→ Raw data:
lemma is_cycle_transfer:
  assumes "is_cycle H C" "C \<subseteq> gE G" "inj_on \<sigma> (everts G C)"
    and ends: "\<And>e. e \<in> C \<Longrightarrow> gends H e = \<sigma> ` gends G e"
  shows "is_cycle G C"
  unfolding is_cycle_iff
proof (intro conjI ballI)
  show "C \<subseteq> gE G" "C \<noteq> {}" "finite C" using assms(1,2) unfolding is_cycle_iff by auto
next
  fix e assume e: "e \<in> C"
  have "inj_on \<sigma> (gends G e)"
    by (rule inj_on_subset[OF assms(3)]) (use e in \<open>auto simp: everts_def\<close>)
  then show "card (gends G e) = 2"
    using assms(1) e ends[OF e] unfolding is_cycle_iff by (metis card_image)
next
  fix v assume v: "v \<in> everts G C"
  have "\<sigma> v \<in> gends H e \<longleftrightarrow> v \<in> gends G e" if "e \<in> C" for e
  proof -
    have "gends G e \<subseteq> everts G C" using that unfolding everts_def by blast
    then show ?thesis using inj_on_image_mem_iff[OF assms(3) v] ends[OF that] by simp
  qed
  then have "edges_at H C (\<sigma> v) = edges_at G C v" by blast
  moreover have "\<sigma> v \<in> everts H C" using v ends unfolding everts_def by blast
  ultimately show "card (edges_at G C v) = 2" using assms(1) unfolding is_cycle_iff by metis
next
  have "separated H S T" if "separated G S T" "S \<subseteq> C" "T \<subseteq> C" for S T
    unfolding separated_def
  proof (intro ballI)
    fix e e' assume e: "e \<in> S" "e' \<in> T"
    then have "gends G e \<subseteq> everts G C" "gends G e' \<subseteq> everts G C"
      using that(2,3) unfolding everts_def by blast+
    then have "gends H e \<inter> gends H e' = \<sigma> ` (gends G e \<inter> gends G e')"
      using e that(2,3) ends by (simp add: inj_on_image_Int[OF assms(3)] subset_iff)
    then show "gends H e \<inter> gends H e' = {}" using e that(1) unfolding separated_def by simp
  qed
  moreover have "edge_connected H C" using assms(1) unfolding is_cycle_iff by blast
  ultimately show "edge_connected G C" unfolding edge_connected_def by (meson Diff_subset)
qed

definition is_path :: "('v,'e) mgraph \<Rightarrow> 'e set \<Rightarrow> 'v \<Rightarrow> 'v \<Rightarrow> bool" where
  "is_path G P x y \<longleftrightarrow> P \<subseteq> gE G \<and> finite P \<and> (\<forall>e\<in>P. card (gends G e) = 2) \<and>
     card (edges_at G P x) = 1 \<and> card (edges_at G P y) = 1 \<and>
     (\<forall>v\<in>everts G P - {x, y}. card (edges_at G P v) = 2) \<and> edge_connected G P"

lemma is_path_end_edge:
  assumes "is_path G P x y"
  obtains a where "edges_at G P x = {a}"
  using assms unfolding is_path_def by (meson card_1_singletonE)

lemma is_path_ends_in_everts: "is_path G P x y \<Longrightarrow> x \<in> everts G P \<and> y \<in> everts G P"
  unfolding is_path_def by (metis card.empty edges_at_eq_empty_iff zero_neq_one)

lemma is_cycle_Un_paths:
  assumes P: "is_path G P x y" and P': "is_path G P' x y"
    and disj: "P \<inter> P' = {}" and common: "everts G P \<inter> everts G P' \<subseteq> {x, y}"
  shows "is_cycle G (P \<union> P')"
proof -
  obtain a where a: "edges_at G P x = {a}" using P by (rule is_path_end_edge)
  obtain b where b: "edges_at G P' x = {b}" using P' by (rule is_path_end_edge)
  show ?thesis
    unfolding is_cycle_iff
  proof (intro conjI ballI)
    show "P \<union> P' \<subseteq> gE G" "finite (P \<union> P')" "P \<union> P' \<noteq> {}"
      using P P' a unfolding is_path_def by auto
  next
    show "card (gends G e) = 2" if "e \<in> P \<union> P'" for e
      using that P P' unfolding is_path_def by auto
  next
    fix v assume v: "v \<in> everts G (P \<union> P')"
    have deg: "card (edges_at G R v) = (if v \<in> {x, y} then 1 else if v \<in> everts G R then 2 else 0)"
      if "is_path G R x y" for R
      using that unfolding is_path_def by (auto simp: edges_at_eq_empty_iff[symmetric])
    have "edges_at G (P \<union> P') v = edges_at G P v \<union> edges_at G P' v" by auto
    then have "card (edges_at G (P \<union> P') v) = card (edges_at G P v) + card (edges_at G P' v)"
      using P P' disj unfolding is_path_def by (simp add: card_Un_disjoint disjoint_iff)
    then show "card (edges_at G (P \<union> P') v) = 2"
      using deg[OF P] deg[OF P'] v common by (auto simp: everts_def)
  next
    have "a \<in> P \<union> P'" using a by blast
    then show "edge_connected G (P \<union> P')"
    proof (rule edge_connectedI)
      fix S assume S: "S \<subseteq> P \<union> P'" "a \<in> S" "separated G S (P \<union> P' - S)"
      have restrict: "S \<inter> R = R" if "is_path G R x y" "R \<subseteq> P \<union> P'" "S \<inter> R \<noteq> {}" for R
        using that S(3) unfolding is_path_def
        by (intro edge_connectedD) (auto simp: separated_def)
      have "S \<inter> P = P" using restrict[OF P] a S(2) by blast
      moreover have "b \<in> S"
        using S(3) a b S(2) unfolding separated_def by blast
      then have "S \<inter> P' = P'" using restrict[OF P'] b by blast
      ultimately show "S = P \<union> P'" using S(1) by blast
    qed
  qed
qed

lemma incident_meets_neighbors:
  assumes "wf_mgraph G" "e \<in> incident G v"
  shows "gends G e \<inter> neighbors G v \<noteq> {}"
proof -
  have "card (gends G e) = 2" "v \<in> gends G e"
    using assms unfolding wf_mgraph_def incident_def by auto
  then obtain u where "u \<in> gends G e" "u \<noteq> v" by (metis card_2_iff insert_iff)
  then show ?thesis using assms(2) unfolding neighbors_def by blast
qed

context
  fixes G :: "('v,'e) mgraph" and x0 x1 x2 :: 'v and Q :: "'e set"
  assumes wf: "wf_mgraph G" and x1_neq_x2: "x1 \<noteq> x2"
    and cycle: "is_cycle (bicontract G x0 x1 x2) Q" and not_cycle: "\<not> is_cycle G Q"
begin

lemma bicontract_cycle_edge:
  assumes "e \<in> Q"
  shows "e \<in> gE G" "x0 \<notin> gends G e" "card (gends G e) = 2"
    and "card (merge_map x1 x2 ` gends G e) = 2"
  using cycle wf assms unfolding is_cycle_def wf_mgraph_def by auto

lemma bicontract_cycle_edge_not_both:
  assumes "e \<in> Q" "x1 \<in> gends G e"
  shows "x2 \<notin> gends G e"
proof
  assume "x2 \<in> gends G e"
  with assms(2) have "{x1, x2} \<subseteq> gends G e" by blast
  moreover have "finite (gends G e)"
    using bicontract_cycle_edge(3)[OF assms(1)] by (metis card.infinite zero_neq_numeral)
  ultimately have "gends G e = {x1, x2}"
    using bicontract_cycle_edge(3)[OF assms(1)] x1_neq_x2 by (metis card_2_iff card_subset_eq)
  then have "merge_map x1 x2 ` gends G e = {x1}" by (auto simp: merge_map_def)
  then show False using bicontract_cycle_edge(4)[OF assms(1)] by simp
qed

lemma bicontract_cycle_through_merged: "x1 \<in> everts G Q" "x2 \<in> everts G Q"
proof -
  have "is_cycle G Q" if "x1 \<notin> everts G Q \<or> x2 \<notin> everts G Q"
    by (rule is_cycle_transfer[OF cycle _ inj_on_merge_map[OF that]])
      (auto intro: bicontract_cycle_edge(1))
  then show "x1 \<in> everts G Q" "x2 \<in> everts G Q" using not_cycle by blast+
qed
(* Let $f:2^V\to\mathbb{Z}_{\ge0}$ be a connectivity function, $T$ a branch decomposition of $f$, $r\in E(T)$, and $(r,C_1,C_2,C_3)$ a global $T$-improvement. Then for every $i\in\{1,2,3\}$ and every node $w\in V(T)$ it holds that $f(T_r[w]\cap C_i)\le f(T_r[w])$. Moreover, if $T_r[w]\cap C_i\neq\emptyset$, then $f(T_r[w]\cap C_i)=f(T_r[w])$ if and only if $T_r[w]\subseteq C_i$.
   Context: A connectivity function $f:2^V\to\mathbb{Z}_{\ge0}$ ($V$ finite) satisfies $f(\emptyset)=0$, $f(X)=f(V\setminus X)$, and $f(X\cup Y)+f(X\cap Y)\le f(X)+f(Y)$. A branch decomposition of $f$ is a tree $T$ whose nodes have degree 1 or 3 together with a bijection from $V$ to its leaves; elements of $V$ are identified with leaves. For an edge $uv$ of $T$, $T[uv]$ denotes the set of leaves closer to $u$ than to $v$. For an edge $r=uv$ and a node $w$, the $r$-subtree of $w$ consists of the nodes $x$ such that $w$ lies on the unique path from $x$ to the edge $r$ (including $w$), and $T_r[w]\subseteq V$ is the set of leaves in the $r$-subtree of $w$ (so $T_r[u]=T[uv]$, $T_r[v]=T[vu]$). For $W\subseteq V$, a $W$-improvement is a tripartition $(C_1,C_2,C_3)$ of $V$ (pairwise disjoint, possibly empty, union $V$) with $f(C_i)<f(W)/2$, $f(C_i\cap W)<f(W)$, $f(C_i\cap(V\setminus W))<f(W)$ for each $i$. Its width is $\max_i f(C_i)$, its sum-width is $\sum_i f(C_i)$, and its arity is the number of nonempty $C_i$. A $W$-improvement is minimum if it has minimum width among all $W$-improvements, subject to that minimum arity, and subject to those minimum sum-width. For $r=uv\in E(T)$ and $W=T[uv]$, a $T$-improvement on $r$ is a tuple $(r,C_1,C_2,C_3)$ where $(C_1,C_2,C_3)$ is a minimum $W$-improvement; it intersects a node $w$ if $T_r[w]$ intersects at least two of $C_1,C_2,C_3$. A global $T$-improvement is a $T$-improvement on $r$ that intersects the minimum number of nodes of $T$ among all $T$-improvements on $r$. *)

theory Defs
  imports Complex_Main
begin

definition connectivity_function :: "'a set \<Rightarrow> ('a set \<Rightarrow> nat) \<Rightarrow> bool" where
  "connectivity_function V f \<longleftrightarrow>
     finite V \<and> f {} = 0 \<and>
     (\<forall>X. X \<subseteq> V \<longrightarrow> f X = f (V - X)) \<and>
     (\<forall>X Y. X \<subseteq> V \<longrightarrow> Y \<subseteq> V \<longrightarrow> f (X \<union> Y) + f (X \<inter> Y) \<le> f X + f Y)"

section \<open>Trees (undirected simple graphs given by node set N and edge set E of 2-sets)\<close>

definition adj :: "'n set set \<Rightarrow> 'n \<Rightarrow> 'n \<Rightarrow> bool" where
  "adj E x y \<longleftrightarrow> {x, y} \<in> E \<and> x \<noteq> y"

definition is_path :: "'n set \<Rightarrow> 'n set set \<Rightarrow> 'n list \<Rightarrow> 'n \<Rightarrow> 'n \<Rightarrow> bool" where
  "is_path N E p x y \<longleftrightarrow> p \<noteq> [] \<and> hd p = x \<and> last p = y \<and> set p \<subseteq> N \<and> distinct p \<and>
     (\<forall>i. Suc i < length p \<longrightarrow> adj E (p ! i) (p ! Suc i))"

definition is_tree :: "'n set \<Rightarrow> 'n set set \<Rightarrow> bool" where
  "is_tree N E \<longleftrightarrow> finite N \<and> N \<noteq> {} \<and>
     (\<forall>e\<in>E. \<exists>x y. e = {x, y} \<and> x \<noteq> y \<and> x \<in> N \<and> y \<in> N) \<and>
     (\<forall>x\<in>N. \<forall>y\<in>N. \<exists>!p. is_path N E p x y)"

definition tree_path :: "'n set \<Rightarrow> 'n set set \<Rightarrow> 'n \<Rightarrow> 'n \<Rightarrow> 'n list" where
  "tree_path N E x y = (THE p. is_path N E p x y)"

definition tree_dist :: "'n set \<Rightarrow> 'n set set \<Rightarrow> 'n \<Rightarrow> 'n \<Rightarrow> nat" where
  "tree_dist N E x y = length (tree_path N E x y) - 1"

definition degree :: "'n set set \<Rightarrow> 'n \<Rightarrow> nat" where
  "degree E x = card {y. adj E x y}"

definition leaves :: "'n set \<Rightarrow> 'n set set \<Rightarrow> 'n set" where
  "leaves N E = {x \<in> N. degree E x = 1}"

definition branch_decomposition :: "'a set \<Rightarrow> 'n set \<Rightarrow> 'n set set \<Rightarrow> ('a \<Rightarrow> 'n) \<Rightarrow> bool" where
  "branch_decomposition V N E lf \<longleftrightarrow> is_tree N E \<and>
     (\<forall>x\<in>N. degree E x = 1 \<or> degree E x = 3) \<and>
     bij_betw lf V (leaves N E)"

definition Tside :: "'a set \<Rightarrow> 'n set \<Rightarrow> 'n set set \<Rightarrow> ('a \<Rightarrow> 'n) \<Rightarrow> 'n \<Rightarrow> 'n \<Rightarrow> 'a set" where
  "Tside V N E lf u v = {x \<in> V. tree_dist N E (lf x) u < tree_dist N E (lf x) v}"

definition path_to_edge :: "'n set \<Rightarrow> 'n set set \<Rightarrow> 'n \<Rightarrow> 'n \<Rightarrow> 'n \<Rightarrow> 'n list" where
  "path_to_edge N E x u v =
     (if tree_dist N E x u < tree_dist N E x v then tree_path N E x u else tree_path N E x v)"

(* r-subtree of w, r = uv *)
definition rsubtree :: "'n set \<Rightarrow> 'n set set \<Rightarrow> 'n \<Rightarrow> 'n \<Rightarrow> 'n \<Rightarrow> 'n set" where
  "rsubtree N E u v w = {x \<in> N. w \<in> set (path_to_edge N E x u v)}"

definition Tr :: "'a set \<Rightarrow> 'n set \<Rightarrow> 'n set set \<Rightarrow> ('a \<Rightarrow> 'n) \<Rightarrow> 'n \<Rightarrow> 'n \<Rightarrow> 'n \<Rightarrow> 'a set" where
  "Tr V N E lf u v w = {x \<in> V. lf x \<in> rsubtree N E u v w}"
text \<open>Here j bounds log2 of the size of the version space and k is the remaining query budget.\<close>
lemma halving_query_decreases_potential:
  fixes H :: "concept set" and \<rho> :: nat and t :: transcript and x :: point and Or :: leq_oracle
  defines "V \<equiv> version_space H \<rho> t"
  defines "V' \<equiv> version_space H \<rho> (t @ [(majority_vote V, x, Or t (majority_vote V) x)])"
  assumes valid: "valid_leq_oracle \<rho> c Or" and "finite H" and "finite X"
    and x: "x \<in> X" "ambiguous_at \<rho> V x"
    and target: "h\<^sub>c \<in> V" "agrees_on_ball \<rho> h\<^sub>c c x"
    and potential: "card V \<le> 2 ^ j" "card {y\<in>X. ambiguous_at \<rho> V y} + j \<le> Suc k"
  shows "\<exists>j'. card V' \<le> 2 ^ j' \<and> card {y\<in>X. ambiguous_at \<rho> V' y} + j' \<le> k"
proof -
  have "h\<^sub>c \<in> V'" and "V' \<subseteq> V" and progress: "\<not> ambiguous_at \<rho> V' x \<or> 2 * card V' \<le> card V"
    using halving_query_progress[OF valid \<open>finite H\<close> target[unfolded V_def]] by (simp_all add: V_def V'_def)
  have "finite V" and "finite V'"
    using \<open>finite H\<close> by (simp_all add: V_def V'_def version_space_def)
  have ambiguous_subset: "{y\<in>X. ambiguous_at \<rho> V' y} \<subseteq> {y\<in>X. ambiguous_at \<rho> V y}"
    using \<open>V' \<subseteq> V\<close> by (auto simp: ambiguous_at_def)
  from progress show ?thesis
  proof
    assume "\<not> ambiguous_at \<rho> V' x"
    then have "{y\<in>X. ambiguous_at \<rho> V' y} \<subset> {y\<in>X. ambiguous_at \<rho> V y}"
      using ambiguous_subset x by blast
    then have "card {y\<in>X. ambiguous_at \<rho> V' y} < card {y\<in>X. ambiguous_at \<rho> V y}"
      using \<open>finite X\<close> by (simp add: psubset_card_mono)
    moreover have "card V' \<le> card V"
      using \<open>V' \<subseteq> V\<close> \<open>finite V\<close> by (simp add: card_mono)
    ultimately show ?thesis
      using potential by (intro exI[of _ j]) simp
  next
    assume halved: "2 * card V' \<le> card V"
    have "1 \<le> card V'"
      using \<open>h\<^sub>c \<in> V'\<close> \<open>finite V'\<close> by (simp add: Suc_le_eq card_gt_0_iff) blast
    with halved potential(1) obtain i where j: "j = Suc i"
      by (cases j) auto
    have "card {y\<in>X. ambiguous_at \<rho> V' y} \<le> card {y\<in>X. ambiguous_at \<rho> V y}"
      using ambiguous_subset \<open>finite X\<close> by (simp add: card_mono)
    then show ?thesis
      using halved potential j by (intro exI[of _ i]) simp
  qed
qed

→ Work instructions:
Looking at the entries above, say how many lines contain the word "forall". Only the number is wanted.

→ Result for this task:
8